Give again, word for word, every line below from the one that has "then obtain a" through the one that has "ultimately show False", both included, and no others.

▶ _LISTED ENTRIES_
=-=-=-=-=
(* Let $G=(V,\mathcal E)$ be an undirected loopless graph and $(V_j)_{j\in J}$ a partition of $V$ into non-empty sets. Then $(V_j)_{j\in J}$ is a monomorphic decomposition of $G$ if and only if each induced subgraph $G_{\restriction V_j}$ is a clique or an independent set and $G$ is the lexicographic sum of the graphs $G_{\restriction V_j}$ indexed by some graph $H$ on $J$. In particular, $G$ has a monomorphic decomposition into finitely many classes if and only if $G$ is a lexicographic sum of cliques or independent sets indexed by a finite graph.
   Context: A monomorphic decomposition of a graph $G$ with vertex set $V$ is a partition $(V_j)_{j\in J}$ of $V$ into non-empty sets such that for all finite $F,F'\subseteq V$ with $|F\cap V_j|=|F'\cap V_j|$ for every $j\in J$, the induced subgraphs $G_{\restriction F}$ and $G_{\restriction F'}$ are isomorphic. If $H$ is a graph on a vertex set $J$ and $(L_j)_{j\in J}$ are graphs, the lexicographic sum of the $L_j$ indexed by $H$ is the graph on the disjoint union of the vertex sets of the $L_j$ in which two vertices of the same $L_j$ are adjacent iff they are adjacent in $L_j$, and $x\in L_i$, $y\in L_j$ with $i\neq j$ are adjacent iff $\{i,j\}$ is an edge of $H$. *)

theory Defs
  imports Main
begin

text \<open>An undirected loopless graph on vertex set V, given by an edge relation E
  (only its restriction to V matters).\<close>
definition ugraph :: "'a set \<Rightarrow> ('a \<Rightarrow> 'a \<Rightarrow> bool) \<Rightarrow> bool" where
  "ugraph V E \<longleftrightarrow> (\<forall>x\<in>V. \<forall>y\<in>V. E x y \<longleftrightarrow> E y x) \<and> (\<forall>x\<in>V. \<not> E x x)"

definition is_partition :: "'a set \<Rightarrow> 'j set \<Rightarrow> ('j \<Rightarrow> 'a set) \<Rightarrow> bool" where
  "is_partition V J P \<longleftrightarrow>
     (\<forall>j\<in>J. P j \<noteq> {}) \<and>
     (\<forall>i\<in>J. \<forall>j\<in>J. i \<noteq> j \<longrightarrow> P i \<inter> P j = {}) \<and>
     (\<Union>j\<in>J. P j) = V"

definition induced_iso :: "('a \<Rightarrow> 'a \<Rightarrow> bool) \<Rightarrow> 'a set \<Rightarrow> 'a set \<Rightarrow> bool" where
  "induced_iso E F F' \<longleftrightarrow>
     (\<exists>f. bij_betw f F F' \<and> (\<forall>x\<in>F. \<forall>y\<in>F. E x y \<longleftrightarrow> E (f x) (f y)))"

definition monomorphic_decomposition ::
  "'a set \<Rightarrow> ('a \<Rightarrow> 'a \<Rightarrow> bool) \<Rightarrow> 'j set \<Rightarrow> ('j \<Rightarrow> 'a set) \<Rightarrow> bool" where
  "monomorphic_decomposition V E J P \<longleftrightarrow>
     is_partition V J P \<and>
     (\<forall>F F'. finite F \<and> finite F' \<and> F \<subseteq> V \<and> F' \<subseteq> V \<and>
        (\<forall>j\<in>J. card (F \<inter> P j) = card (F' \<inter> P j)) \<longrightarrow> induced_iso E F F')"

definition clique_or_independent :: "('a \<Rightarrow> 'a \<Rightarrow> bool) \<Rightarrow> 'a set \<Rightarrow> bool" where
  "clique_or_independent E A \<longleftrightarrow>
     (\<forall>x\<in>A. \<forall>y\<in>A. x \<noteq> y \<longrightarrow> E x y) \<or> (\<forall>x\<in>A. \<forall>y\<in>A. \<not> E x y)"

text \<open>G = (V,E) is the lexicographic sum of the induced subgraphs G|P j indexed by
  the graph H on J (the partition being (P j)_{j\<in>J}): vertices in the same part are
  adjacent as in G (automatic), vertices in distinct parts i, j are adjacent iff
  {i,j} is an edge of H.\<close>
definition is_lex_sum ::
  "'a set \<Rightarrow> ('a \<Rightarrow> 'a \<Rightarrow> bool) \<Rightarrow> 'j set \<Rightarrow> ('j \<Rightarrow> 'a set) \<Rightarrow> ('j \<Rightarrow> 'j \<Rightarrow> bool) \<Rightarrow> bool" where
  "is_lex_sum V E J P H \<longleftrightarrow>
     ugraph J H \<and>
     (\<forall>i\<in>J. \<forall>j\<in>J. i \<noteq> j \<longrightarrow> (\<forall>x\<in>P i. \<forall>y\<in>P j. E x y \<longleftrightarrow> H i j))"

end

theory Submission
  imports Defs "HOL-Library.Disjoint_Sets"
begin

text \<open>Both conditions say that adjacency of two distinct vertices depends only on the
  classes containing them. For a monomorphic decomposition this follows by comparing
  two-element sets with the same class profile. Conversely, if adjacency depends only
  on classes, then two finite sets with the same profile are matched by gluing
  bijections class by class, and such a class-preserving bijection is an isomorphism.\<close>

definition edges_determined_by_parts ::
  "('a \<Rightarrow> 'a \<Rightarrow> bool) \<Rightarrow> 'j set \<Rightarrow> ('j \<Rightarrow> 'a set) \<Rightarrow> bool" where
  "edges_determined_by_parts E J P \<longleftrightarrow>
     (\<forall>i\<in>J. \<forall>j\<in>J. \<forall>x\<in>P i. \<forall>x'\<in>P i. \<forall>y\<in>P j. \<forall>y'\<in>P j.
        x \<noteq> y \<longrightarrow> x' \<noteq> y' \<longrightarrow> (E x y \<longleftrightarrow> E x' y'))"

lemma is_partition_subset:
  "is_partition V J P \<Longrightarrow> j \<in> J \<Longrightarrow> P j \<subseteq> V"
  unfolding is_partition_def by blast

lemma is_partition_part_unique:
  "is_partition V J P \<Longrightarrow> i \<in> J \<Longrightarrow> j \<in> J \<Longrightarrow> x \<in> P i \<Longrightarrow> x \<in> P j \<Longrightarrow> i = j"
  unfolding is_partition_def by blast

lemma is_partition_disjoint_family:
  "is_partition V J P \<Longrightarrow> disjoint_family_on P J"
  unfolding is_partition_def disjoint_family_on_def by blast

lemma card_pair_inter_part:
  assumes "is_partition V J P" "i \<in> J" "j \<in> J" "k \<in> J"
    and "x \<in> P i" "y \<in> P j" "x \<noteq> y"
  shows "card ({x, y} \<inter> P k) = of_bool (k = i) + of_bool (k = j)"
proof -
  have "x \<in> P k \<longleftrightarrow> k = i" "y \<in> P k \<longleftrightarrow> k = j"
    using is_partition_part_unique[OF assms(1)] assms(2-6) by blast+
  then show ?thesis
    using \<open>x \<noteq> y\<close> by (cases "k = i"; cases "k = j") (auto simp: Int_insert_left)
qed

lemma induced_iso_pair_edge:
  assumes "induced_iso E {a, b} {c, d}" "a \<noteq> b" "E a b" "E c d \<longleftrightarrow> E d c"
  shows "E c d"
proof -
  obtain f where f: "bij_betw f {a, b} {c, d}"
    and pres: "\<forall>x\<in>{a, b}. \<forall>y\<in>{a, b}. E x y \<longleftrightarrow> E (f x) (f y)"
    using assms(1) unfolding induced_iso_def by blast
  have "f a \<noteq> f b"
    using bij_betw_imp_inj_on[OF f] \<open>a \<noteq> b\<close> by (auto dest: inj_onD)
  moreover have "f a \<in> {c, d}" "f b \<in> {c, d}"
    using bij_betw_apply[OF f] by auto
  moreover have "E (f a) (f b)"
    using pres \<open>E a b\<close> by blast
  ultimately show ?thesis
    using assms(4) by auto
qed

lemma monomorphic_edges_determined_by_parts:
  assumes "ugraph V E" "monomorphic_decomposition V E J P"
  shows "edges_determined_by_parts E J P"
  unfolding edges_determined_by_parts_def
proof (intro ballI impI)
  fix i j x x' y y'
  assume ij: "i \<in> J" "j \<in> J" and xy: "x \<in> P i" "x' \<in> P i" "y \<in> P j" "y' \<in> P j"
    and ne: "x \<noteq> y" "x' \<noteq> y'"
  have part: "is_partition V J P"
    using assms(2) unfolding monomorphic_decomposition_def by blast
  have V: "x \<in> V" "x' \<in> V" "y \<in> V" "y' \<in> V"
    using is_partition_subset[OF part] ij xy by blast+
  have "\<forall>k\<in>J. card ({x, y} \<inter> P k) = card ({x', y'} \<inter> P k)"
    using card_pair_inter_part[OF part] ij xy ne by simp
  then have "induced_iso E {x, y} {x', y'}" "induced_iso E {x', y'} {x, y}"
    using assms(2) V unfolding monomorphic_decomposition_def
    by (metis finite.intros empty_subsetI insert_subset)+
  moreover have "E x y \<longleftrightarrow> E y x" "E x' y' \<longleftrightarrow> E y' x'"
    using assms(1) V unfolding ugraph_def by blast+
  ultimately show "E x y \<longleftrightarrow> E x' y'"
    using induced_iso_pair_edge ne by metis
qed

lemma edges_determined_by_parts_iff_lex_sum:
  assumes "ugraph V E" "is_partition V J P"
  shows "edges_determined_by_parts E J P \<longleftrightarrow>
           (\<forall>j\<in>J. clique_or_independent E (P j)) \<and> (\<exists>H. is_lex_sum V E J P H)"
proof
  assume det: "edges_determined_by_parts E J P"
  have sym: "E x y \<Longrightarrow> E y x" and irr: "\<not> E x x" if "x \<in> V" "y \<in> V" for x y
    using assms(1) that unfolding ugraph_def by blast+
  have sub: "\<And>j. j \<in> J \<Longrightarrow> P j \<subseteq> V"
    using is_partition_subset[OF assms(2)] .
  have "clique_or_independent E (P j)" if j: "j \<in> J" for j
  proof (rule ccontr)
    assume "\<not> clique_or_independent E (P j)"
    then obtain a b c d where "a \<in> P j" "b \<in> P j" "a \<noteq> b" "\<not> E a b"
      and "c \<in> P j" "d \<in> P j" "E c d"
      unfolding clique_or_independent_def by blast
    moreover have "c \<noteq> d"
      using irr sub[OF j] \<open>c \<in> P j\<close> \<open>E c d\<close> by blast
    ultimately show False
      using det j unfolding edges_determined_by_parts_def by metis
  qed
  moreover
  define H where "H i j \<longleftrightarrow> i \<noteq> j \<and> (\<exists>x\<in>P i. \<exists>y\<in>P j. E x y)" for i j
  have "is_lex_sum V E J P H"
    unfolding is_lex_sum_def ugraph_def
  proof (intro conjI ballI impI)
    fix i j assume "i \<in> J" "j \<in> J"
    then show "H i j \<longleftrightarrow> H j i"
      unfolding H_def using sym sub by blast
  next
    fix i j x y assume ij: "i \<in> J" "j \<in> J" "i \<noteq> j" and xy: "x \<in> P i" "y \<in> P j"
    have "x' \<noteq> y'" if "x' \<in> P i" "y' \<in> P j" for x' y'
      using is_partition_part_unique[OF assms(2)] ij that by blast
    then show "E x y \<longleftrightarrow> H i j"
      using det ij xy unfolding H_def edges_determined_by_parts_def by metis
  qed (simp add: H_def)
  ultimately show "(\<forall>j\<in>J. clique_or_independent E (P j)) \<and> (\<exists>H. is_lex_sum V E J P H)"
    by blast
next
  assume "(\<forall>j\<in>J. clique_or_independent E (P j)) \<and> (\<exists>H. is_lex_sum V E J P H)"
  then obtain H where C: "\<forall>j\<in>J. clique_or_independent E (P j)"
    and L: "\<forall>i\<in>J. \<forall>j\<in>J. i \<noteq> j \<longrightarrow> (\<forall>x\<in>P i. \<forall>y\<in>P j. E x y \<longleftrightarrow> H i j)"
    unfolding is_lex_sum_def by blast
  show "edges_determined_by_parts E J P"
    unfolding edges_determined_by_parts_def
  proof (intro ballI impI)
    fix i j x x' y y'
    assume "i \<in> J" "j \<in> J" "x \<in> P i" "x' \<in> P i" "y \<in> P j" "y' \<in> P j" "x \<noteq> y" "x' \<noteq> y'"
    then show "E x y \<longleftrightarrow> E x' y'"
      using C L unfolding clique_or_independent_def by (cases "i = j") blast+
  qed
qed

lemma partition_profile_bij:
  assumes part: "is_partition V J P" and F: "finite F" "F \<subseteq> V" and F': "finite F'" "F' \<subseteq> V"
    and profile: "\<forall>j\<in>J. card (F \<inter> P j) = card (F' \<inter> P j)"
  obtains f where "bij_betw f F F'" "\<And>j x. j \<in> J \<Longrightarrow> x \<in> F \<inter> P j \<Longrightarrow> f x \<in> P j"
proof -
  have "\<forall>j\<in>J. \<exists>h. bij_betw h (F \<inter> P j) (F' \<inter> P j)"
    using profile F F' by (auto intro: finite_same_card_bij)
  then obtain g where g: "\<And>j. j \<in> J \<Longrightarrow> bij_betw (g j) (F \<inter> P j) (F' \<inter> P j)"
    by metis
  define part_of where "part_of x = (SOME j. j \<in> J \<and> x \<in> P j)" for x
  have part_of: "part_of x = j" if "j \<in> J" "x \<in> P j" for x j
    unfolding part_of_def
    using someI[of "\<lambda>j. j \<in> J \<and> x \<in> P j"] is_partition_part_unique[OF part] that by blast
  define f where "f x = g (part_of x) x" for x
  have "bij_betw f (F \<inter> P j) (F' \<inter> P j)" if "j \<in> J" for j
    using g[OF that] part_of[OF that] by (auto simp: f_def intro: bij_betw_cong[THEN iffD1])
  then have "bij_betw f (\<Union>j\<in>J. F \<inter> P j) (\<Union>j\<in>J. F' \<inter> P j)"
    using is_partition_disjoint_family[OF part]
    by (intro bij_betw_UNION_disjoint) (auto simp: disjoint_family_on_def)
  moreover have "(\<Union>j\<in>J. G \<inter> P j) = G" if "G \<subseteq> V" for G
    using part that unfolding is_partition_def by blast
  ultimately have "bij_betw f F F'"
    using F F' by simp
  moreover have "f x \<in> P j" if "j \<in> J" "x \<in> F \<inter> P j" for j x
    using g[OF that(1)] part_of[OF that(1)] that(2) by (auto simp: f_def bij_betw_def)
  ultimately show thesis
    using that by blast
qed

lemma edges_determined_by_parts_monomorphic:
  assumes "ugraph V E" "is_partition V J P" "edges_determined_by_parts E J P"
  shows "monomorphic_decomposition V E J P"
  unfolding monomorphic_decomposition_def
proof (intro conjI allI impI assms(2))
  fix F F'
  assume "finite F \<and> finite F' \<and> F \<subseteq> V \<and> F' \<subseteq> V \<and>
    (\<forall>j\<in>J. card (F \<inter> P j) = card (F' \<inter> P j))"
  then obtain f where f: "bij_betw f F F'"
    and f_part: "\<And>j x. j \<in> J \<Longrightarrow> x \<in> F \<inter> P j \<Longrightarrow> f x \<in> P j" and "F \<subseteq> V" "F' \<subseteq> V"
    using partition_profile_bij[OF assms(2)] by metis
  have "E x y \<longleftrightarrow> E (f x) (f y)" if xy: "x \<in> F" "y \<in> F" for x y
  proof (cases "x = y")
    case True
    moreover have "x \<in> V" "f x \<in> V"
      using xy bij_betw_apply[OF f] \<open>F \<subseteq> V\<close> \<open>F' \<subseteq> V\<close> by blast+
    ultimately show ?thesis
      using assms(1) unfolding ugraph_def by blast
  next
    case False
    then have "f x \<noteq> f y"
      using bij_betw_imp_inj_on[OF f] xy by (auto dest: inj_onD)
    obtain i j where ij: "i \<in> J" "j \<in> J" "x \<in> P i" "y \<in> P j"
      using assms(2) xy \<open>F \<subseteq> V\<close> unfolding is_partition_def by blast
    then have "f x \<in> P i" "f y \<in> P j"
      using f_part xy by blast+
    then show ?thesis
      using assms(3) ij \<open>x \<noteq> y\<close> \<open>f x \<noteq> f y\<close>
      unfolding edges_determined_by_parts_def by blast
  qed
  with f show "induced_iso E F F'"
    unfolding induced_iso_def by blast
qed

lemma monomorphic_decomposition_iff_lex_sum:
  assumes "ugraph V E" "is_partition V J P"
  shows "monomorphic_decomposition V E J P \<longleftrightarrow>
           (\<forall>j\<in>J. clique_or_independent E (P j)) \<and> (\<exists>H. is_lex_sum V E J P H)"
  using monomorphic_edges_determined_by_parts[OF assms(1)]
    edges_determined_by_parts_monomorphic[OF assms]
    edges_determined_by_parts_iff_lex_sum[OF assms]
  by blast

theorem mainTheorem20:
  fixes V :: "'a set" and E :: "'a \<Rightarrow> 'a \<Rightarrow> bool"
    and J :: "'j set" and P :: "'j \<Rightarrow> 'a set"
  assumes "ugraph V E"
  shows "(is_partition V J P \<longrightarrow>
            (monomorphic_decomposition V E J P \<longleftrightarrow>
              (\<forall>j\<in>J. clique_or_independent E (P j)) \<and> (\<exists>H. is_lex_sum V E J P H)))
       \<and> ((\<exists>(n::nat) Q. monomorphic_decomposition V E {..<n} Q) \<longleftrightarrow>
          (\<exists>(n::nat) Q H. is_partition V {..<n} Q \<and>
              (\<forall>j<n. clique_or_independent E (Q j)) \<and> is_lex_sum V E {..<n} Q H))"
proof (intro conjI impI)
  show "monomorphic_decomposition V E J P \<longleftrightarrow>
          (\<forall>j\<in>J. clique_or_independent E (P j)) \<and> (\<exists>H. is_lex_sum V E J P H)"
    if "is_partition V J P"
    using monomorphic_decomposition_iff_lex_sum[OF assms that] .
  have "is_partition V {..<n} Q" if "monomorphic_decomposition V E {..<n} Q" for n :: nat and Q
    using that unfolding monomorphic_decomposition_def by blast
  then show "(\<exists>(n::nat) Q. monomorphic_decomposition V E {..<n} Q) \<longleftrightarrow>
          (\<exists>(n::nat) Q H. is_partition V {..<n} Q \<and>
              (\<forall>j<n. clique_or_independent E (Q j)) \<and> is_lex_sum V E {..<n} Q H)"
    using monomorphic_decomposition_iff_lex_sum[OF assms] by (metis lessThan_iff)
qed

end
=-=-=-=-=
▶ _WRITTEN RESPONSE_
    then obtain a b c d where "a \<in> P j" "b \<in> P j" "a \<noteq> b" "\<not> E a b"
      and "c \<in> P j" "d \<in> P j" "E c d"
      unfolding clique_or_independent_def by blast
    moreover have "c \<noteq> d"
      using irr sub[OF j] \<open>c \<in> P j\<close> \<open>E c d\<close> by blast
    ultimately show False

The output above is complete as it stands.